Thus this report is about promoting a mission, a policy position, not about achieving a dispassionate, objective and complete analysis of the evidence. It is thus better viewed as a piece of PR, agitprop musings as it were, not a serious academic study.  Certainly, we doubt any peer-reviewed reputable academic journal in economics would touch this study in its current form.

This brings up a bigger problem: isn't there an inherent, huge conflict of interest in university researchers issuing reports favoring positions that are in their own self-interest? Is it not true that Georgetown and other universities gain marketing advantages (and maybe higher tuition fees) by promoting the idea that “it pays to go to college”? The subjective bias is further revealed as the authors at the very beginning decry "attacks" by higher education "cost-cutters,” as if trying to improve efficiency in a low productivity industry is somehow bad.
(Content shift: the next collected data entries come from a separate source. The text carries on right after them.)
(* Let $\mathbb{Z}_2$ be the two-element field regarded as a semiring. The generalised multiset monad $\mathbf{M}_{\mathbb{Z}_2}$ preserves the equation $x\cdot(y\cdot y)=y\cdot x$ for a binary operation symbol $\cdot$. Moreover, $\mathbf{M}_{\mathbb{Z}_2}$ is not relevant.
   Context: For a semiring $\mathbb S$, $\mathbf{M}_{\mathbb S}X$ is the set of finitely supported maps $\xi\colon X\to\mathbb S$ (written $\sum_x\xi(x)x$); $(\mathbf{M}_{\mathbb S}f)(\xi)(y)=\sum_{f(x)=y}\xi(x)$; $\eta(x)=1\cdot x$; $\mu(\sum_i s_i\sum_j t_{ij}x_{ij})=\sum_{i,j}s_it_{ij}x_{ij}$; monoidal structure $\psi(\xi_1,\xi_2)(x,y)=\xi_1(x)\xi_2(y)$. For a $\Sigma$-algebra $\mathcal A$ on $A$, $\widehat T\mathcal A$ has carrier $TA$ and operations $T\sigma_{\mathcal A}\circ\psi^{\mathrm{ar}(\sigma)}$; $T$ preserves an equation if $\widehat T\mathcal A$ satisfies it whenever $\mathcal A$ does. $T$ is relevant if $\psi_{A,B}\circ\langle T\pi_1,T\pi_2\rangle=\mathrm{id}_{T(A\times B)}$ for all $A,B$. *)

theory Defs
  imports Main "HOL-Library.Z2"
begin

text \<open>Generalised multiset monad M_S over a semiring S: M_S X is the set of
  finitely supported maps X \<Rightarrow> S.  We represent elements as functions
  with finite support.\<close>

definition fsupp :: "('x \<Rightarrow> 's::zero) \<Rightarrow> bool" where
  "fsupp \<xi> \<longleftrightarrow> finite {x. \<xi> x \<noteq> 0}"

definition Mmap :: "('x \<Rightarrow> 'y) \<Rightarrow> ('x \<Rightarrow> 's::comm_monoid_add) \<Rightarrow> 'y \<Rightarrow> 's" where
  "Mmap f \<xi> y = (\<Sum>x \<in> {x. \<xi> x \<noteq> 0 \<and> f x = y}. \<xi> x)"

definition Mpsi :: "('x \<Rightarrow> 's::times) \<Rightarrow> ('y \<Rightarrow> 's) \<Rightarrow> 'x \<times> 'y \<Rightarrow> 's" where
  "Mpsi \<xi>1 \<xi>2 = (\<lambda>(x, y). \<xi>1 x * \<xi>2 y)"

definition Mlift2 :: "('a \<Rightarrow> 'a \<Rightarrow> 'a) \<Rightarrow> ('a \<Rightarrow> 's::comm_semiring_1) \<Rightarrow> ('a \<Rightarrow> 's) \<Rightarrow> 'a \<Rightarrow> 's" where
  "Mlift2 m \<xi>1 \<xi>2 = Mmap (case_prod m) (Mpsi \<xi>1 \<xi>2)"

text \<open>Relevance condition of M_S at the pair of sets A = UNIV::'a, B = UNIV::'b.
  M_S is relevant iff this holds for all A, B.\<close>
definition M_relevant_at :: "'s::comm_semiring_1 itself \<Rightarrow> 'a itself \<Rightarrow> 'b itself \<Rightarrow> bool" where
  "M_relevant_at _ _ _ \<longleftrightarrow>
     (\<forall>\<zeta> :: 'a \<times> 'b \<Rightarrow> 's. fsupp \<zeta> \<longrightarrow> Mpsi (Mmap fst \<zeta>) (Mmap snd \<zeta>) = \<zeta>)"

end

theory Submission
  imports Defs
begin

text \<open>The equation forces the operation itself to be commutative, so in \<open>\<widehat>M A\<close> the
  product \<open>\<xi>\<^sub>2 \<cdot> \<xi>\<^sub>2\<close> is a double sum whose off-diagonal terms
  \<open>\<xi>\<^sub>2 a \<xi>\<^sub>2 b (ab)\<close> and \<open>\<xi>\<^sub>2 b \<xi>\<^sub>2 a (ba)\<close> coincide; over \<open>\<int>\<^sub>2\<close> they cancel, leaving
  \<open>\<Sum>\<^sub>a \<xi>\<^sub>2 a (aa)\<close> since \<open>s\<^sup>2 = s\<close>.  The equation then holds termwise.
  Relevance fails already for \<open>\<zeta> = (0,0) + (1,1)\<close>, whose marginals multiply back to
  \<open>(0,0) + (0,1) + (1,0) + (1,1)\<close>.\<close>

lemma commutative_if_mult_square_eq:
  assumes eq: "\<And>x y. m x (m y y) = m y x"
  shows "m x y = m y x"
proof -
  have idem: "m (m y y) (m y y) = m y y" for y
    using eq by metis
  have "m x (m y y) = m (m y y) x" for x y
    using eq[of x "m y y"] idem by simp
  then show ?thesis
    using eq by metis
qed

lemma Mmap_eq_sum:
  assumes "finite A" "{x. \<xi> x \<noteq> 0} \<subseteq> A"
  shows "Mmap f \<xi> y = (\<Sum>x\<in>A. of_bool (f x = y) * (\<xi> x :: 's::comm_semiring_1))"
proof -
  have "Mmap f \<xi> y = (\<Sum>x\<in>{x\<in>A. f x = y}. \<xi> x)"
    unfolding Mmap_def by (rule sum.mono_neutral_left) (use assms in auto)
  also have "\<dots> = (\<Sum>x\<in>A. if f x = y then \<xi> x else 0)"
    using assms(1) by (rule sum.inter_filter)
  also have "\<dots> = (\<Sum>x\<in>A. of_bool (f x = y) * \<xi> x)"
    by (rule sum.cong) auto
  finally show ?thesis .
qed

lemma Mlift2_eq_sum:
  assumes "finite A" "{x. \<xi>1 x \<noteq> 0} \<subseteq> A" "finite B" "{x. \<xi>2 x \<noteq> 0} \<subseteq> B"
  shows "Mlift2 m \<xi>1 \<xi>2 z =
    (\<Sum>a\<in>A. \<Sum>b\<in>B. of_bool (m a b = z) * (\<xi>1 a * (\<xi>2 b :: 's::comm_semiring_1)))"
proof -
  have "{p. Mpsi \<xi>1 \<xi>2 p \<noteq> 0} \<subseteq> A \<times> B"
    using assms by (auto simp: Mpsi_def)
  then have "Mlift2 m \<xi>1 \<xi>2 z = (\<Sum>p\<in>A \<times> B. of_bool (case_prod m p = z) * Mpsi \<xi>1 \<xi>2 p)"
    unfolding Mlift2_def using assms by (intro Mmap_eq_sum) auto
  also have "\<dots> = (\<Sum>(a, b)\<in>A \<times> B. of_bool (m a b = z) * (\<xi>1 a * \<xi>2 b))"
    by (rule sum.cong) (auto simp: Mpsi_def)
  finally show ?thesis
    by (simp only: sum.cartesian_product)
qed

lemma Mlift2_support:
  "{z. Mlift2 m \<xi>1 \<xi>2 z \<noteq> 0} \<subseteq> case_prod m ` ({x. \<xi>1 x \<noteq> 0} \<times> {x. \<xi>2 x \<noteq> 0})"
proof
  fix z
  assume "z \<in> {z. Mlift2 m \<xi>1 \<xi>2 z \<noteq> 0}"
  then have "Mmap (case_prod m) (Mpsi \<xi>1 \<xi>2) z \<noteq> 0"
    by (simp add: Mlift2_def)
  then have "{p. Mpsi \<xi>1 \<xi>2 p \<noteq> 0 \<and> case_prod m p = z} \<noteq> {}"
    unfolding Mmap_def by (metis sum.empty)
  then obtain a b where "Mpsi \<xi>1 \<xi>2 (a, b) \<noteq> 0" "m a b = z"
    by auto
  then show "z \<in> case_prod m ` ({x. \<xi>1 x \<noteq> 0} \<times> {x. \<xi>2 x \<noteq> 0})"
    by (auto simp: Mpsi_def intro!: image_eqI[of _ _ "(a, b)"])
qed

lemma Mlift2_Mlift2_right_eq_sum:
  fixes \<xi>1 \<xi>2 \<xi>3 :: "'a \<Rightarrow> 's::comm_semiring_1"
  assumes "finite S" "{x. \<xi>1 x \<noteq> 0} \<subseteq> S"
    and "finite T" "{x. \<xi>2 x \<noteq> 0} \<subseteq> T"
    and "finite U" "{x. \<xi>3 x \<noteq> 0} \<subseteq> U"
  shows "Mlift2 m \<xi>1 (Mlift2 m \<xi>2 \<xi>3) z =
    (\<Sum>x\<in>S. \<Sum>a\<in>T. \<Sum>b\<in>U. of_bool (m x (m a b) = z) * (\<xi>1 x * (\<xi>2 a * \<xi>3 b)))"
proof -
  define W where "W = case_prod m ` (T \<times> U)"
  have "finite W"
    using assms by (simp add: W_def)
  have "{w. Mlift2 m \<xi>2 \<xi>3 w \<noteq> 0} \<subseteq> W"
    using Mlift2_support[of m \<xi>2 \<xi>3] assms unfolding W_def by blast
  have inner: "Mlift2 m \<xi>2 \<xi>3 w = (\<Sum>a\<in>T. \<Sum>b\<in>U. of_bool (m a b = w) * (\<xi>2 a * \<xi>3 b))" for w
    using assms by (intro Mlift2_eq_sum) auto
  have delta: "(\<Sum>w\<in>W. of_bool (m x w = z) * of_bool (m a b = w)) = (of_bool (m x (m a b) = z) :: 's)"
    if "a \<in> T" "b \<in> U" for x a b
  proof -
    have "(\<Sum>w\<in>W. of_bool (m x w = z) * of_bool (m a b = w)) =
          (\<Sum>w\<in>W. if m a b = w then (of_bool (m x (m a b) = z) :: 's) else 0)"
      by (rule sum.cong) auto
    moreover have "m a b \<in> W"
      using that by (auto simp: W_def)
    ultimately show ?thesis
      using \<open>finite W\<close> by simp
  qed
  have "Mlift2 m \<xi>1 (Mlift2 m \<xi>2 \<xi>3) z =
      (\<Sum>x\<in>S. \<Sum>w\<in>W. of_bool (m x w = z) * (\<xi>1 x * Mlift2 m \<xi>2 \<xi>3 w))"
    using assms \<open>finite W\<close> \<open>{w. Mlift2 m \<xi>2 \<xi>3 w \<noteq> 0} \<subseteq> W\<close> by (intro Mlift2_eq_sum)
  also have "\<dots> = (\<Sum>x\<in>S. \<Sum>w\<in>W. \<Sum>a\<in>T. \<Sum>b\<in>U.
      \<xi>1 x * (\<xi>2 a * \<xi>3 b) * (of_bool (m x w = z) * of_bool (m a b = w)))"
    unfolding inner by (simp add: sum_distrib_left mult_ac)
  also have "\<dots> = (\<Sum>x\<in>S. \<Sum>a\<in>T. \<Sum>b\<in>U.
      \<xi>1 x * (\<xi>2 a * \<xi>3 b) * (\<Sum>w\<in>W. of_bool (m x w = z) * of_bool (m a b = w)))"
    by (simp only: sum_distrib_left sum.swap[where A = W])
  also have "\<dots> = (\<Sum>x\<in>S. \<Sum>a\<in>T. \<Sum>b\<in>U. of_bool (m x (m a b) = z) * (\<xi>1 x * (\<xi>2 a * \<xi>3 b)))"
    by (intro sum.cong refl) (simp add: delta mult.commute)
  finally show ?thesis .
qed

lemma bit_add_self: "(a::bit) + a = 0"
  by (metis bit_2_eq_0 mult_2 mult_zero_left)

lemma bit_mult_self: "(a::bit) * a = a"
  by (cases a) auto

lemma sum_symmetric_bit_diagonal:
  assumes "finite T" "\<And>a b. g a b = g b a"
  shows "(\<Sum>a\<in>T. \<Sum>b\<in>T. g a b) = (\<Sum>a\<in>T. g a a :: bit)"
  using assms(1)
proof (induction T rule: finite_induct)
  case empty
  then show ?case by simp
next
  case (insert t T)
  define row where "row = (\<Sum>b\<in>T. g t b)"
  define rest where "rest = (\<Sum>a\<in>T. \<Sum>b\<in>T. g a b)"
  have column: "(\<Sum>a\<in>T. g a t) = row"
    using assms(2) by (simp add: row_def)
  have "(\<Sum>a\<in>insert t T. \<Sum>b\<in>insert t T. g a b) = g t t + (row + row) + rest"
    unfolding row_def rest_def sum.insert[OF insert(1,2)] sum.distrib column[unfolded row_def]
    by (simp only: add_ac)
  also have "\<dots> = (\<Sum>a\<in>insert t T. g a a)"
    by (simp only: bit_add_self add_0_right sum.insert[OF insert(1,2)] rest_def insert(3))
  finally show ?case .
qed

lemma M_bit_preserves_mult_square_eq:
  fixes m :: "'a \<Rightarrow> 'a \<Rightarrow> 'a" and \<xi>1 \<xi>2 :: "'a \<Rightarrow> bit"
  assumes eq: "\<And>x y. m x (m y y) = m y x"
    and "fsupp \<xi>1" "fsupp \<xi>2"
  shows "Mlift2 m \<xi>1 (Mlift2 m \<xi>2 \<xi>2) = Mlift2 m \<xi>2 \<xi>1"
proof
  fix z
  define S where "S = {x. \<xi>1 x \<noteq> 0}"
  define T where "T = {x. \<xi>2 x \<noteq> 0}"
  have "finite S" "finite T"
    using assms by (auto simp: fsupp_def S_def T_def)
  have "Mlift2 m \<xi>1 (Mlift2 m \<xi>2 \<xi>2) z =
      (\<Sum>x\<in>S. \<Sum>a\<in>T. \<Sum>b\<in>T. of_bool (m x (m a b) = z) * (\<xi>1 x * (\<xi>2 a * \<xi>2 b)))"
    using \<open>finite S\<close> \<open>finite T\<close> by (intro Mlift2_Mlift2_right_eq_sum) (auto simp: S_def T_def)
  also have "\<dots> = (\<Sum>x\<in>S. \<Sum>a\<in>T. of_bool (m x (m a a) = z) * (\<xi>1 x * (\<xi>2 a * \<xi>2 a)))"
  proof (rule sum.cong[OF refl])
    fix x
    have "m a b = m b a" for a b
      using commutative_if_mult_square_eq eq by metis
    then have symmetric: "of_bool (m x (m a b) = z) * (\<xi>1 x * (\<xi>2 a * \<xi>2 b)) =
        of_bool (m x (m b a) = z) * (\<xi>1 x * (\<xi>2 b * \<xi>2 a))" for a b
      by (simp only: mult.commute[of "\<xi>2 a"])
    show "(\<Sum>a\<in>T. \<Sum>b\<in>T. of_bool (m x (m a b) = z) * (\<xi>1 x * (\<xi>2 a * \<xi>2 b))) =
        (\<Sum>a\<in>T. of_bool (m x (m a a) = z) * (\<xi>1 x * (\<xi>2 a * \<xi>2 a)))"
      using \<open>finite T\<close> symmetric by (rule sum_symmetric_bit_diagonal)
  qed
  also have "\<dots> = (\<Sum>a\<in>T. \<Sum>x\<in>S. of_bool (m a x = z) * (\<xi>2 a * \<xi>1 x))"
    by (subst sum.swap) (simp add: eq bit_mult_self mult_ac conj_ac)
  also have "\<dots> = Mlift2 m \<xi>2 \<xi>1 z"
    using \<open>finite S\<close> \<open>finite T\<close> by (intro Mlift2_eq_sum[symmetric]) (auto simp: S_def T_def)
  finally show "Mlift2 m \<xi>1 (Mlift2 m \<xi>2 \<xi>2) z = Mlift2 m \<xi>2 \<xi>1 z" .
qed

lemma not_M_relevant_at_nat: "\<not> M_relevant_at TYPE('s::comm_semiring_1) TYPE(nat) TYPE(nat)"
proof
  define \<zeta> :: "nat \<times> nat \<Rightarrow> 's" where "\<zeta> = (\<lambda>p. of_bool (p \<in> {(0, 0), (1, 1)}))"
  assume "M_relevant_at TYPE('s) TYPE(nat) TYPE(nat)"
  moreover have "fsupp \<zeta>"
    unfolding fsupp_def \<zeta>_def by (rule finite_subset[of _ "{(0, 0), (1, 1)}"]) auto
  ultimately have marginals: "Mpsi (Mmap fst \<zeta>) (Mmap snd \<zeta>) = \<zeta>"
    unfolding M_relevant_at_def by blast
  have "{p. \<zeta> p \<noteq> 0 \<and> fst p = 0} = {(0, 0)}" "{p. \<zeta> p \<noteq> 0 \<and> snd p = 1} = {(1, 1)}"
    by (auto simp: \<zeta>_def)
  then have "Mmap fst \<zeta> 0 = 1" "Mmap snd \<zeta> 1 = 1"
    by (simp_all add: Mmap_def \<zeta>_def)
  then have "Mpsi (Mmap fst \<zeta>) (Mmap snd \<zeta>) (0, 1) = 1"
    by (simp add: Mpsi_def)
  then show False
    using marginals by (simp add: \<zeta>_def)
qed

theorem proposition5:
  shows "(\<forall>(m :: 'a \<Rightarrow> 'a \<Rightarrow> 'a).
            (\<forall>x y. m x (m y y) = m y x) \<longrightarrow>
            (\<forall>\<xi>1 \<xi>2 :: 'a \<Rightarrow> bit. fsupp \<xi>1 \<longrightarrow> fsupp \<xi>2 \<longrightarrow>
               Mlift2 m \<xi>1 (Mlift2 m \<xi>2 \<xi>2) = Mlift2 m \<xi>2 \<xi>1))
         \<and> \<not> M_relevant_at TYPE(bit) TYPE(nat) TYPE(nat)"
  using M_bit_preserves_mult_square_eq not_M_relevant_at_nat by blast

end
(* Since (log2 m + 2)/m tends to 0, the powers of two have density zero. *)
lemma density_zero_powers_of_two: "density_zero powers_of_two"
  unfolding density_zero_def
proof (intro allI impI)
  fix e :: real assume "0 < e"
  have "(\<lambda>m::nat. 2 / real m + log 2 m / real m) \<longlonglongrightarrow> 0 + 0"
    by (intro tendsto_add lim_const_over_n lim_log_over_n)
  then have "eventually (\<lambda>m::nat. 2 / real m + log 2 m / real m < e) sequentially"
    using \<open>0 < e\<close> by (intro order_tendstoD(2)) auto
  then obtain N where N: "\<And>m. N \<le> m \<Longrightarrow> 2 / real m + log 2 m / real m < e"
    unfolding eventually_sequentially by blast
  have "real (card (powers_of_two \<inter> {a..<a+m})) \<le> e * real m" if "max N 1 \<le> m" for a m
  proof -
    have "0 < real m" using that by simp
    then have "log 2 m + 2 \<le> e * real m"
      using N[of m] that by (simp add: field_simps)
    then show ?thesis using card_powers_of_two_interval[of m a] that by simp
  qed
  then show "\<exists>N. \<forall>a m. N \<le> m \<longrightarrow> real (card (powers_of_two \<inter> {a..<a+m})) \<le> e * real m"
    by blast
qed

(* Key dynamical criterion: if two sequences differ only on a set D of density zero, they
   are Banach proximal.  For e > (1/2)^L the orbits are e-close at every time n outside the
   finite union of the translates D - t, t < L, which still has density zero. *)
lemma banach_proximal_if_density_zero_difference:
  assumes "density_zero {n. x n \<noteq> y n}"
  shows "banach_proximal x y"
  unfolding banach_proximal_def
proof (intro allI impI)
  fix e :: real assume "0 < e"
  then obtain L where L: "(1/2::real) ^ L < e" using real_arch_pow_inv[of e "1/2"] by auto
  define B where "B = (\<Union>t\<in>{..<L}. {n. n + t \<in> {n. x n \<noteq> y n}})"
  have "density_zero B"
    unfolding B_def by (intro density_zero_UN density_zero_translate assms) simp
  moreover have "- B \<subseteq> {n. sdist ((shift ^^ n) x) ((shift ^^ n) y) < e}"
  proof
    fix n assume "n \<in> - B"
    then have "(shift ^^ n) x t = (shift ^^ n) y t" if "t < L" for t
      using that unfolding B_def by (auto simp: funpow_shift add.commute)
    then show "n \<in> {n. sdist ((shift ^^ n) x) ((shift ^^ n) y) < e}"
      using sdist_less[OF _ L] by blast
  qed
  ultimately show "banach_density_one {n. sdist ((shift ^^ n) x) ((shift ^^ n) y) < e}"
    by (meson banach_density_one_complement banach_density_one_mono)
qed

(* Conversely, sequences differing at infinitely many coordinates are not asymptotic:
   at each such time the orbits are at distance 1. *)
lemma not_asymptotic_if_infinite_difference:
  assumes "infinite {n. x n \<noteq> y n}"
  shows "\<not> asymptotic x y"
proof
  assume "asymptotic x y"
  then have "eventually (\<lambda>n. sdist ((shift ^^ n) x) ((shift ^^ n) y) < 1) sequentially"
    unfolding asymptotic_def by (intro order_tendstoD(2)) auto
  then obtain N where N: "\<And>n. N \<le> n \<Longrightarrow> sdist ((shift ^^ n) x) ((shift ^^ n) y) < 1"
    unfolding eventually_sequentially by blast
  obtain n where "N \<le> n" and "x n \<noteq> y n"
    using assms unfolding infinite_nat_iff_unbounded_le by blast
  then have "sdist ((shift ^^ n) x) ((shift ^^ n) y) = 1"
    by (intro sdist_eq_1) (simp add: funpow_shift)
  with N[OF \<open>N \<le> n\<close>] show False by simp
qed

lemma continuous_map_Sigma_coordinatewise:
  assumes "\<And>n. (\<exists>c. \<forall>b. f b n = c) \<or> (\<exists>r. \<forall>b. f b n = b r)"
  shows "continuous_map Sigma_top Sigma_top f"
proof -
  have "continuous_map Sigma_top (discrete_topology UNIV) (\<lambda>b. f b n)" for n
    using assms[of n]
  proof
    assume "\<exists>c. \<forall>b. f b n = c"
    then obtain c where "(\<lambda>b. f b n) = (\<lambda>b. c)" by auto
    then show ?thesis by simp
  next
    assume "\<exists>r. \<forall>b. f b n = b r"
    then obtain r where "(\<lambda>b. f b n) = (\<lambda>b. b r)" by auto
    then show ?thesis unfolding Sigma_top_def
      using continuous_map_product_projection[of r UNIV "\<lambda>_. discrete_topology UNIV"] by simp
  qed
  then show ?thesis
    by (subst (2) Sigma_top_def) (simp add: continuous_map_componentwise_UNIV)
qed

(* The full shift is a compact Hausdorff space, so a continuous injective self-map is a
   homeomorphism onto its image; the image is therefore a Cantor set. *)
lemma cantor_set_range:
  assumes cont: "continuous_map Sigma_top Sigma_top f" and "inj f"
  shows "cantor_set (range f)"
  unfolding cantor_set_def
proof (rule homeomorphic_map_imp_homeomorphic_space, rule continuous_imp_homeomorphic_map)
  show "compact_space Sigma_top" unfolding Sigma_top_def
    by (simp add: compact_space_product_topology compact_space_discrete_topology)
  show "Hausdorff_space (subtopology Sigma_top (range f))" unfolding Sigma_top_def
    by (simp add: Hausdorff_space_subtopology Hausdorff_space_product_topology)
  show "continuous_map Sigma_top (subtopology Sigma_top (range f)) f"
    using cont by (simp add: continuous_map_in_subtopology)
  show "inj_on f (topspace Sigma_top)"
    using \<open>inj f\<close> by simp
qed simp

lemma dense_in_Sigma:
  assumes "\<And>w. \<exists>x\<in>S. \<forall>n<length w. x n = w ! n"
  shows "Sigma_top closure_of S = topspace Sigma_top"
  unfolding dense_intersects_open
proof (intro allI impI)
  fix T assume T: "openin Sigma_top T \<and> T \<noteq> {}"
  then obtain z where "z \<in> T" by blast
  have "openin (product_topology (\<lambda>_. discrete_topology (UNIV :: bool set)) UNIV) T"
    using T unfolding Sigma_top_def by simp
  then obtain U where U: "finite {n \<in> UNIV. U n \<noteq> topspace (discrete_topology UNIV)}"
      "z \<in> Pi\<^sub>E UNIV U" "Pi\<^sub>E UNIV U \<subseteq> T"
    using \<open>z \<in> T\<close> unfolding openin_product_topology_alt by blast
  obtain L where L: "{n. U n \<noteq> UNIV} \<subseteq> {..<L}"
    using U(1) finite_nat_bounded by auto
  obtain x where "x \<in> S" and x: "\<forall>n<L. x n = z n"
    using assms[of "map z [0..<L]"] by auto
  have "x n \<in> U n" for n
  proof (cases "U n = UNIV")
    case False
    then have "x n = z n" using L x by auto
    then show ?thesis using U(2) by (simp add: PiE_iff)
  qed simp
  then have "x \<in> Pi\<^sub>E UNIV U" by (simp add: PiE_iff)
  with \<open>x \<in> S\<close> U(3) show "S \<inter> T \<noteq> {}" by blast
qed

definition word :: "nat \<Rightarrow> bool list" where
  "word = from_nat"

(* The bit placed at position 2^j for the data i, b.  The exponent j is decoded as a pair
   (u, _): an odd u = 2r+1 marks the tag "r = i", an even u = 2r copies the bit b r.  Each
   choice of u recurs for infinitely many exponents. *)
definition label :: "nat \<Rightarrow> (nat \<Rightarrow> bool) \<Rightarrow> nat \<Rightarrow> bool" where
  "label i b j = (case prod_decode j of (u, _) \<Rightarrow> if odd u then u div 2 = i else b (u div 2))"

definition coded :: "nat \<Rightarrow> (nat \<Rightarrow> bool) \<Rightarrow> nat \<Rightarrow> bool" where
  "coded i b n = (if n < length (word i) then word i ! n else \<exists>j. n = 2 ^ j \<and> label i b j)"

definition point :: "nat \<Rightarrow> nat \<Rightarrow> (nat \<Rightarrow> bool) \<Rightarrow> nat \<Rightarrow> bool" where
  "point i k b = (shift ^^ k) (coded i b)"

lemma point_apply: "point i k b n = coded i b (n + k)"
  by (simp add: point_def funpow_shift)
(* Let $(\mathcal L_n)_{n\ge1}$ be a sequence of random elements of $\mathcal P_1(\mathbb R)$ and let $(\mathbb L_n)_{n\ge1}$ be a uniformly integrable sequence of deterministic elements of $\mathcal P_1(\mathbb R)$. Assume that for every $f:\mathbb R\to\mathbb R$ with $|f(x)-f(y)|\le|x-y|$ for all $x,y$, $$\Big|\int_{\mathbb R}f\,d\mathcal L_n-\int_{\mathbb R}f\,d\mathbb L_n\Big|\to0\quad\text{in probability as }n\to\infty.$$ Then $\mathcal W(\mathcal L_n,\mathbb L_n)\to0$ in probability.
   Context: $\mathcal P_1(\mathbb R)$ is the space of Borel probability measures on $\mathbb R$ with finite first absolute moment, equipped with the $1$-Wasserstein distance $\mathcal W(\mathcal L_1,\mathcal L_2)=\sup_f|\int f\,d\mathcal L_1-\int f\,d\mathcal L_2|$, the supremum over all $1$-Lipschitz $f:\mathbb R\to\mathbb R$. A sequence $(\mathbb L_n)$ in $\mathcal P_1(\mathbb R)$ is uniformly integrable if $\lim_{K\to\infty}\sup_n\int_{|x|>K}|x|\,d\mathbb L_n(x)=0$. *)

theory Defs
  imports "HOL-Probability.Probability"
begin

definition P1 :: "real measure \<Rightarrow> bool" where
  "P1 \<mu> \<longleftrightarrow> prob_space \<mu> \<and> sets \<mu> = sets borel \<and> integrable \<mu> (\<lambda>x. \<bar>x\<bar>)"

text \<open>1-Wasserstein distance (Kantorovich-Rubinstein dual form).\<close>
definition W1 :: "real measure \<Rightarrow> real measure \<Rightarrow> real" where
  "W1 \<mu> \<nu> = (SUP f \<in> {f :: real \<Rightarrow> real. 1-lipschitz_on UNIV f}.
                 \<bar>(\<integral>x. f x \<partial>\<mu>) - (\<integral>x. f x \<partial>\<nu>)\<bar>)"

definition unif_integrable :: "(nat \<Rightarrow> real measure) \<Rightarrow> bool" where
  "unif_integrable LL \<longleftrightarrow>
     (\<forall>e>0. \<exists>K. \<forall>n. (LINT x:{x. K < \<bar>x\<bar>}|LL n. \<bar>x\<bar>) \<le> e)"

definition conv_in_prob_zero :: "'a measure \<Rightarrow> (nat \<Rightarrow> 'a \<Rightarrow> real) \<Rightarrow> bool" where
  "conv_in_prob_zero M X \<longleftrightarrow>
     (\<forall>n. X n \<in> borel_measurable M) \<and>
     (\<forall>e>0. (\<lambda>n. measure M {\<omega> \<in> space M. e < \<bar>X n \<omega>\<bar>}) \<longlonglongrightarrow> 0)"

end

theory Submission
  imports Defs
begin

text \<open>
  A 1-Lipschitz function \<open>f\<close>, shifted by \<open>f (-n)\<close>, is approximated within \<open>3/n\<close> on \<open>[-n, n]\<close>
  by one of the finitely many piecewise linear functions with slopes \<open>\<plusminus>1\<close> on the grid of mesh
  \<open>1/n\<close> (a greedy walk with steps \<open>\<plusminus>1/n\<close> tracks \<open>f\<close> along the grid); outside \<open>[-n, n]\<close> the
  error is at most \<open>max 0 (\<bar>x\<bar> - n)\<close>. Hence \<open>W1 \<mu> \<nu>\<close> is at most a finite sum of differences of
  integrals of fixed 1-Lipschitz functions, plus \<open>6/n\<close>, plus the tail integrals of \<open>\<mu>\<close> and \<open>\<nu>\<close>.
  Since the tail function is itself 1-Lipschitz, the tail integral of \<open>L n \<omega>\<close> exceeds that of
  \<open>LL n\<close> by at most one more such difference, and uniform integrability makes the tail integrals
  of \<open>LL n\<close> small uniformly in \<open>n\<close>.
  Measurability of \<open>W1 (L n \<omega>) (LL n)\<close> in \<open>\<omega>\<close> holds because the supremum may be restricted
  to the countably many grid functions.
\<close>

lemma lipschitz_on_UNIV_abs_diff:
  "C-lipschitz_on UNIV f \<Longrightarrow> \<bar>f x - f y\<bar> \<le> C * \<bar>x - y\<bar>"
  using lipschitz_onD[of C UNIV f x y] by (simp add: dist_real_def)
Getting to the evidence, the Georgetown team is probably correct, that, on average, college graduates fared better in labor markets in the Great Recession and its slow recovery than did those with lesser degrees or diplomas. But where are the control variables accounting for the fact that college graduates are, on average, brighter, more disciplined, and more ambitious than those with less education? A typical high school graduate is a less desirable employee than a typical college graduate for reasons independent of the formal postsecondary education acquired.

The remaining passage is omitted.